▸ About this task
Scan the data below and state how many of its lines contain the word "open", giving only the figure.

▸ Data extract
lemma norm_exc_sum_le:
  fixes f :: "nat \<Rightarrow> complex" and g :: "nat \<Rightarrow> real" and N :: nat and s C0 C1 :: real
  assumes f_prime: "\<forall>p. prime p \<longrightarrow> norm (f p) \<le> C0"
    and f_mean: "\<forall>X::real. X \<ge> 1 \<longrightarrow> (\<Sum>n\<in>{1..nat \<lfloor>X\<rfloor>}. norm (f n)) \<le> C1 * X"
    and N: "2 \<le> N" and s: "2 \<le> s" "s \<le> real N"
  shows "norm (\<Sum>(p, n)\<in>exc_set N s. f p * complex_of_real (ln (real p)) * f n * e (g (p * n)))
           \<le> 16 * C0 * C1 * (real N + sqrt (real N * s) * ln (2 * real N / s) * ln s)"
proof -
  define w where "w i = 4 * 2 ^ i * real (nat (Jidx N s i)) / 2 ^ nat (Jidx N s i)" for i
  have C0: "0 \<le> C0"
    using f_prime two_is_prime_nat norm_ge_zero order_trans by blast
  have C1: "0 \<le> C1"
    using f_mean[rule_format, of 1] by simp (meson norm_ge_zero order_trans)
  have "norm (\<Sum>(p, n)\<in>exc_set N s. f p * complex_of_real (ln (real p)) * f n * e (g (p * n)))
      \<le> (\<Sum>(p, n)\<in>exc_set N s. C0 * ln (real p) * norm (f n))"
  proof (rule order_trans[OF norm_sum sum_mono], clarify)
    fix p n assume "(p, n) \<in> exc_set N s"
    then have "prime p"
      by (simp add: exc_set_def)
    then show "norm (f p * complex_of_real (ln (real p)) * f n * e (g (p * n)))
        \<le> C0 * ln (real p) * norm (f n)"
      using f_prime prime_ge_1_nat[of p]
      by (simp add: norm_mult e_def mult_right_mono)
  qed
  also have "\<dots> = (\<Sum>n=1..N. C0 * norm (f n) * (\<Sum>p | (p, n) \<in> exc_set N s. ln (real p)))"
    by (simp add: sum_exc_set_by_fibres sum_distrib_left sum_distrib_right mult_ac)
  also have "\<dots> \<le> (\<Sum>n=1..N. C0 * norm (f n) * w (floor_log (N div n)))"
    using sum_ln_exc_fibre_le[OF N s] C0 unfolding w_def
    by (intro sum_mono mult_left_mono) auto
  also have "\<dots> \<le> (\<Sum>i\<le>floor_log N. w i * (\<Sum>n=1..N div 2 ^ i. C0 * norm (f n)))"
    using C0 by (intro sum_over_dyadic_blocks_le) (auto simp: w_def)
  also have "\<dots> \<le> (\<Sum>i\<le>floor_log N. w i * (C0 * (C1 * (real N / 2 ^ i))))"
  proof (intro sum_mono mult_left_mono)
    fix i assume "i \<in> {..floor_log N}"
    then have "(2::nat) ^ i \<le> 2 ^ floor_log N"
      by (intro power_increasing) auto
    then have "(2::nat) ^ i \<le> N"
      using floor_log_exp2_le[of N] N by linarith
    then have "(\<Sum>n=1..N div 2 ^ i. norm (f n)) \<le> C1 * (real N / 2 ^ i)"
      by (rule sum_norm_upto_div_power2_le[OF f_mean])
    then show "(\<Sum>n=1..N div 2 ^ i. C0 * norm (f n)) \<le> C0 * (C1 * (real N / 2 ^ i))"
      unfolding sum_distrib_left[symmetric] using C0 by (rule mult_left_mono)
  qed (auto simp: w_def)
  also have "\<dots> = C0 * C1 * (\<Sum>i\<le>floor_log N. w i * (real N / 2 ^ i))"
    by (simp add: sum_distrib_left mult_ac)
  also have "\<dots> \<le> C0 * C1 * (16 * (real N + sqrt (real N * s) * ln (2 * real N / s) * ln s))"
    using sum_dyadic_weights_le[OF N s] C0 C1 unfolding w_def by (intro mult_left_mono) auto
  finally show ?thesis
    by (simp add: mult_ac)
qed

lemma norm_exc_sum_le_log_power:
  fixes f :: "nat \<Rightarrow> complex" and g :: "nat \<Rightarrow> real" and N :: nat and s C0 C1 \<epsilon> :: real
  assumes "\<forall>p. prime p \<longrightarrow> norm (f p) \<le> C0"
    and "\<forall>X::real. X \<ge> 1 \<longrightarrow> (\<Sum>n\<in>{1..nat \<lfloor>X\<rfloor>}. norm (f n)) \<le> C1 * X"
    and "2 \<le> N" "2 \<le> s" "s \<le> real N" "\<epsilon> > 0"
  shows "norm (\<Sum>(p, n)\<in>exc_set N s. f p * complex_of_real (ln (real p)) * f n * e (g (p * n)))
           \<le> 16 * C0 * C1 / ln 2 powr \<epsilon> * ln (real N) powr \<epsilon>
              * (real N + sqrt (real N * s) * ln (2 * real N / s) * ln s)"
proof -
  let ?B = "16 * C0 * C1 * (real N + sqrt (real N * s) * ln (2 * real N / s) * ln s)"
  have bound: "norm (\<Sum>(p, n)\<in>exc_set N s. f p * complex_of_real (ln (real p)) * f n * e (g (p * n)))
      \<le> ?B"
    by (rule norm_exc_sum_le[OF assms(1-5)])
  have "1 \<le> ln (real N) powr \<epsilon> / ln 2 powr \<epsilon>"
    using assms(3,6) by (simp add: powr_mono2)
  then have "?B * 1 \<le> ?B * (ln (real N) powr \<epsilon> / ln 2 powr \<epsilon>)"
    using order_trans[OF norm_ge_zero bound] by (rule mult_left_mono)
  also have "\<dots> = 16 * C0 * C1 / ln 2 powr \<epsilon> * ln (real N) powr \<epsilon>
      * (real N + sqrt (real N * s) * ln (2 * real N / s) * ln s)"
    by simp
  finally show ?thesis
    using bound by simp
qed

---

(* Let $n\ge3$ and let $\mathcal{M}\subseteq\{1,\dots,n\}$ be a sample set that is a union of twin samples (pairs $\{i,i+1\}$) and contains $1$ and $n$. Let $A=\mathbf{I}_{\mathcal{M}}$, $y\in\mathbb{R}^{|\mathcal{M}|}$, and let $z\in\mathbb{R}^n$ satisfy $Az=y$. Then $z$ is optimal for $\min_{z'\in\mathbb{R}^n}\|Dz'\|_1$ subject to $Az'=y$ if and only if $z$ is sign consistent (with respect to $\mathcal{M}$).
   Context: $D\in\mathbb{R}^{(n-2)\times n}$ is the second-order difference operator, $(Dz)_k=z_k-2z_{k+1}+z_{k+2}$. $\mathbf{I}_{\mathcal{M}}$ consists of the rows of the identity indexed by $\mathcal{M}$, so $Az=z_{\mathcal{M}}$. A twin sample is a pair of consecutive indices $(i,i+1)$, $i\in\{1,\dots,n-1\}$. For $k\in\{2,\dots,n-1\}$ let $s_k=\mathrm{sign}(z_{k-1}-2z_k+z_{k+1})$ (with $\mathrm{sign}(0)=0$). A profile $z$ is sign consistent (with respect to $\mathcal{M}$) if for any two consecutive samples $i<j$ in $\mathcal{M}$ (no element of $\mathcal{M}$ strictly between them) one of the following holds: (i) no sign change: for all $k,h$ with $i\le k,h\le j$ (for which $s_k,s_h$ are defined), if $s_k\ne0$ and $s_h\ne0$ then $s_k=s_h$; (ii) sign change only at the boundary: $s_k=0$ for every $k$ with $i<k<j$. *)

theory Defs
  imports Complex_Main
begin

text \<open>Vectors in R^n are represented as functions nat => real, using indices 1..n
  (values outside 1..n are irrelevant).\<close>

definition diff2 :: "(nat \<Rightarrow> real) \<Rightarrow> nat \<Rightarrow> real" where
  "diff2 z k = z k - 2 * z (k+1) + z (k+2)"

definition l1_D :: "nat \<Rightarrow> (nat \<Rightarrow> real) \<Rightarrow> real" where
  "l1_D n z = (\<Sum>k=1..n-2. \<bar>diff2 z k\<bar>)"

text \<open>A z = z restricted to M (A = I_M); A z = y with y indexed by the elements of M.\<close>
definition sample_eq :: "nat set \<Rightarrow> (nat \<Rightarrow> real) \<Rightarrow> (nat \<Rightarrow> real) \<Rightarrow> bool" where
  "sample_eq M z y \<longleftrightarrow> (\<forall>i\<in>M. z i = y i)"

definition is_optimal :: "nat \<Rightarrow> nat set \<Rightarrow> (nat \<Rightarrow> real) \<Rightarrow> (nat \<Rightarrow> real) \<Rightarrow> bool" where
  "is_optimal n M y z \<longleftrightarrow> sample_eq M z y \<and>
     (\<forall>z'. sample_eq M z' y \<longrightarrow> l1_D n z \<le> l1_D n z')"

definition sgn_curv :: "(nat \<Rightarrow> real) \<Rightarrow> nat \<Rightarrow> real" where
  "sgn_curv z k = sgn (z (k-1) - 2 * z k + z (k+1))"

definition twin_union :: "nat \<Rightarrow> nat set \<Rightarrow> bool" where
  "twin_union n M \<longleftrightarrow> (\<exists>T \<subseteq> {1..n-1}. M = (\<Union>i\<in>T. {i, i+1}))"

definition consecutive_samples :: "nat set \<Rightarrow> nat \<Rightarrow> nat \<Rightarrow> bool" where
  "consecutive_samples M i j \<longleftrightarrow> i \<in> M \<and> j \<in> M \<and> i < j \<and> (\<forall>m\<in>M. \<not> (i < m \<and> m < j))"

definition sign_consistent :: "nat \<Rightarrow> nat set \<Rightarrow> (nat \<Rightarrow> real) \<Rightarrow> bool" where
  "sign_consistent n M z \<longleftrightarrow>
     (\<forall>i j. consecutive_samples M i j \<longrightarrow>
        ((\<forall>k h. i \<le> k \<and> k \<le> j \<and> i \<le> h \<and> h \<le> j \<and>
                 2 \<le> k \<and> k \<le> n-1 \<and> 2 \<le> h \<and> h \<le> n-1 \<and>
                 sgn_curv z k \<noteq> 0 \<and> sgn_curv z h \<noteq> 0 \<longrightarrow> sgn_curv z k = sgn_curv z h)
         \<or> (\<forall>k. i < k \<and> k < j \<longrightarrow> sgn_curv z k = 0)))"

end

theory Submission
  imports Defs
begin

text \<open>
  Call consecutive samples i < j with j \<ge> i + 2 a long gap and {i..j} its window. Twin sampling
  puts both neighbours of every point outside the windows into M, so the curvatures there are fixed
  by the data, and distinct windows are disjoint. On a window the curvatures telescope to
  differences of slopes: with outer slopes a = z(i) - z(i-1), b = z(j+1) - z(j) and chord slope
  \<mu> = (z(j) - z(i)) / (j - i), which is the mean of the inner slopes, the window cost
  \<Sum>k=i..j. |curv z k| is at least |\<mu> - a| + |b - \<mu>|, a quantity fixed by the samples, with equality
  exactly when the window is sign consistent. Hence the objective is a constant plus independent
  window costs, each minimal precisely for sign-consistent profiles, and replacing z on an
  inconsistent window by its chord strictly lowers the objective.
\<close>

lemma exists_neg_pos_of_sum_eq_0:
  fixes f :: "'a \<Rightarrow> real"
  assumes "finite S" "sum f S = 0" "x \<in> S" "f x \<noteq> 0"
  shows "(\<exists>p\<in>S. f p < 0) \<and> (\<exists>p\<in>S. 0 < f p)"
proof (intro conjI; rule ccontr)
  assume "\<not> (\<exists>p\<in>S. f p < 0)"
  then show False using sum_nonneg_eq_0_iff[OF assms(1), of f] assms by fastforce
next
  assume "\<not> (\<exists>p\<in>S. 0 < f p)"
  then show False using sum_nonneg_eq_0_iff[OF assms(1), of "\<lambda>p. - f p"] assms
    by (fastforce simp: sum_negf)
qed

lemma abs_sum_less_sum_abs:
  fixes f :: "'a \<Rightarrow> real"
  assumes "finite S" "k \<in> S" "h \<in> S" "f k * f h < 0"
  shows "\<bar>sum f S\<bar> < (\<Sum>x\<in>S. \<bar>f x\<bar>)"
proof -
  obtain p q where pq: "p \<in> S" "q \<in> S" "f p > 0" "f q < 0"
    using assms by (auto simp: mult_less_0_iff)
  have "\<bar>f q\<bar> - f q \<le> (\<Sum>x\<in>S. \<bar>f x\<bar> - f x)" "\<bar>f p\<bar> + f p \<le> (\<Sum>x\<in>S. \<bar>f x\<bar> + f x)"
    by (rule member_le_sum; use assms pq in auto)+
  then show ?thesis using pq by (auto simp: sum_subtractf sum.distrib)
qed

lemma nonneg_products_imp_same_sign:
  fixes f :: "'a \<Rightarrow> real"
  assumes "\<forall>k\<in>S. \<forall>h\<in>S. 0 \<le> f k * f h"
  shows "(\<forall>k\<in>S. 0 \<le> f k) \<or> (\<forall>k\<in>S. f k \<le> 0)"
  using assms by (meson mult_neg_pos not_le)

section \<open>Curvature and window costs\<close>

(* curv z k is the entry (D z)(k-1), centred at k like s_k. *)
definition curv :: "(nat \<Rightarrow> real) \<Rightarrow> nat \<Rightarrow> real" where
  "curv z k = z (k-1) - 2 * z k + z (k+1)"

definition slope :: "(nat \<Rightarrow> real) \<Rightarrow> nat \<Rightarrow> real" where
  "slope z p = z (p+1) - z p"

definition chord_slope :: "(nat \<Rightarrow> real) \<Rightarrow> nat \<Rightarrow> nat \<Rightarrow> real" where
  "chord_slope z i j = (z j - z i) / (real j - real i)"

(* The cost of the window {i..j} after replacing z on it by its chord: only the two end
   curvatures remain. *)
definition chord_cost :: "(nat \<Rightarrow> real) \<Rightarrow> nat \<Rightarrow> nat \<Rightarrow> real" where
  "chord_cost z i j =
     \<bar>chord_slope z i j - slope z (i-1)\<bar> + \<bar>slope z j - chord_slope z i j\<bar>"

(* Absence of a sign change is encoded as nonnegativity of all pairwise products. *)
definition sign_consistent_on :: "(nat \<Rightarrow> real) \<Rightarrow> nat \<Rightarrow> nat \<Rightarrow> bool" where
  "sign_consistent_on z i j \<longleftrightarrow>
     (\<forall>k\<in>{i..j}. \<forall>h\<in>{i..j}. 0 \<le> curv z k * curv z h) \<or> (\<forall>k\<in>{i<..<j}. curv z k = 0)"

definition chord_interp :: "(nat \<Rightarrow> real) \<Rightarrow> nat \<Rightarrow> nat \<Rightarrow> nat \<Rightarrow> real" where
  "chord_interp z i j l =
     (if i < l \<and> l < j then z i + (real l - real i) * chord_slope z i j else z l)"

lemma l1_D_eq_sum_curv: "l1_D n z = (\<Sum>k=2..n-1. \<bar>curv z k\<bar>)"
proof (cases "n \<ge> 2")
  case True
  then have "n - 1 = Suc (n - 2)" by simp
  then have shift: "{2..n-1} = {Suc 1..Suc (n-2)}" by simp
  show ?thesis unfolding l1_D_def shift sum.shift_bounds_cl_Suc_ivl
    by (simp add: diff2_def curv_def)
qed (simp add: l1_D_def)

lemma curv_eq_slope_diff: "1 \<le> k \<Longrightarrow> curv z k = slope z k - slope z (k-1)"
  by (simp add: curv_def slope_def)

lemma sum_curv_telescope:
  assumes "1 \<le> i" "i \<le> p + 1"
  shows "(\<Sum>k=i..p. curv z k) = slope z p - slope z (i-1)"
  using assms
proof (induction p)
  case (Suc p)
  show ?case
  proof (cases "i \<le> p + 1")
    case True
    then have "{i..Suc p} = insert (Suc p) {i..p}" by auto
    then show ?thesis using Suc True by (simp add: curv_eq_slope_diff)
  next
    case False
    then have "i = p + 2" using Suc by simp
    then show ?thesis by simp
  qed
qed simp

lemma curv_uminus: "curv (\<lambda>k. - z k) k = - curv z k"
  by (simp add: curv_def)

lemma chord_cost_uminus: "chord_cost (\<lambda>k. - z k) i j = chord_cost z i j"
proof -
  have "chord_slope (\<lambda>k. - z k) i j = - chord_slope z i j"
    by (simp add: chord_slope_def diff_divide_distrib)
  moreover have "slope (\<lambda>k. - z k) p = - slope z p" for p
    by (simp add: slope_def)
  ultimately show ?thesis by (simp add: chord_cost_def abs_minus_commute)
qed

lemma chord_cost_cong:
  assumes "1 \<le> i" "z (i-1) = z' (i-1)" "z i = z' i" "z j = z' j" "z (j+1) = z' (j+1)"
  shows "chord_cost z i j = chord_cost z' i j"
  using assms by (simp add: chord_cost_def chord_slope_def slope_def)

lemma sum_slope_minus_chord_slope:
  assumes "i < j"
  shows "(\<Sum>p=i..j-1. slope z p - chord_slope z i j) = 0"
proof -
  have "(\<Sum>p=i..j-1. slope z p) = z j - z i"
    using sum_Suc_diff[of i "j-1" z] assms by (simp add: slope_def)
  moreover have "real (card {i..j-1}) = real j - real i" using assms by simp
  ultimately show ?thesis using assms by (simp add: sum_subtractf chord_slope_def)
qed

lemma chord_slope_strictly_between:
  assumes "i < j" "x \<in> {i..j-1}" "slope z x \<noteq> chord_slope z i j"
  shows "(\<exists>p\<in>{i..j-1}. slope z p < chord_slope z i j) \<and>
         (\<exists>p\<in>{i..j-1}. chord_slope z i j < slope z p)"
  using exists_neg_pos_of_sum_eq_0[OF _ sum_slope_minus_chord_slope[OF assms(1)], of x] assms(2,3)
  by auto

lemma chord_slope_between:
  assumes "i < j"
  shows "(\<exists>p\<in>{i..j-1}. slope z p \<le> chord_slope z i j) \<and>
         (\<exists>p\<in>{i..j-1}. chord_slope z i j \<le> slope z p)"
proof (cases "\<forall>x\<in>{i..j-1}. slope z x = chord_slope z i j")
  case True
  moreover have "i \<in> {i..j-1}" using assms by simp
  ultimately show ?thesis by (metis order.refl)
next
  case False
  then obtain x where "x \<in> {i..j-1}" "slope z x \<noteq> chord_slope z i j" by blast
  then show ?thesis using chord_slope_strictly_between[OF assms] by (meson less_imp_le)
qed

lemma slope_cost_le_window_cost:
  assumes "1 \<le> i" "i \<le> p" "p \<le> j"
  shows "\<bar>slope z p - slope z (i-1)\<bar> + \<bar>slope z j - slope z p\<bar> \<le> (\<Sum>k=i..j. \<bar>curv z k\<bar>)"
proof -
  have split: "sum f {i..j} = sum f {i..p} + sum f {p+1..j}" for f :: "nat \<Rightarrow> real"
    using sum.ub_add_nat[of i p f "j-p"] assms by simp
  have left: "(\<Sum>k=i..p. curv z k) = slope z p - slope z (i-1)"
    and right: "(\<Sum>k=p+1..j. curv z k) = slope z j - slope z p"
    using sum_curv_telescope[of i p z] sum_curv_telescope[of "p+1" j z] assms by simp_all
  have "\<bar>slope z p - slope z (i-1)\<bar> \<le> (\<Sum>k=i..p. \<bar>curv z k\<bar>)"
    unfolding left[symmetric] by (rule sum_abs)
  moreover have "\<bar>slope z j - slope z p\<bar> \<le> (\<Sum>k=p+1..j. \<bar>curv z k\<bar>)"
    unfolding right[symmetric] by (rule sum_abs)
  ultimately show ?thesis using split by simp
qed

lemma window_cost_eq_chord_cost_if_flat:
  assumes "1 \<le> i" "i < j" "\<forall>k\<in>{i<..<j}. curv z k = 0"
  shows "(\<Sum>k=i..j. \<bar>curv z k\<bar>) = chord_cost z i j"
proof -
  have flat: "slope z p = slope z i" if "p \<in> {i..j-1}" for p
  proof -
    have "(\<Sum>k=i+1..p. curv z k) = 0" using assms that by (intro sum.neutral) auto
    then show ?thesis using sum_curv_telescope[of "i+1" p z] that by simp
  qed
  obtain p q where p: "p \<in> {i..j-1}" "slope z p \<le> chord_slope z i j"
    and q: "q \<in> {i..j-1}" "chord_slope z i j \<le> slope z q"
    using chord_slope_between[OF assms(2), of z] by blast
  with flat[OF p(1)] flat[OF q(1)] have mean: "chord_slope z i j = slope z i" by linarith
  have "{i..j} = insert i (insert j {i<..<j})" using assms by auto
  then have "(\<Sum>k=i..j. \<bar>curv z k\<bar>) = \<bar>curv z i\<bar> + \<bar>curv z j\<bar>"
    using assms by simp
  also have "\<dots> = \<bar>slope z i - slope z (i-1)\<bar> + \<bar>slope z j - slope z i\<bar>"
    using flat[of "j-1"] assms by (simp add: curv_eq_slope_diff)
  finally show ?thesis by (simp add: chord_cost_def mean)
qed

▸ Final answer
4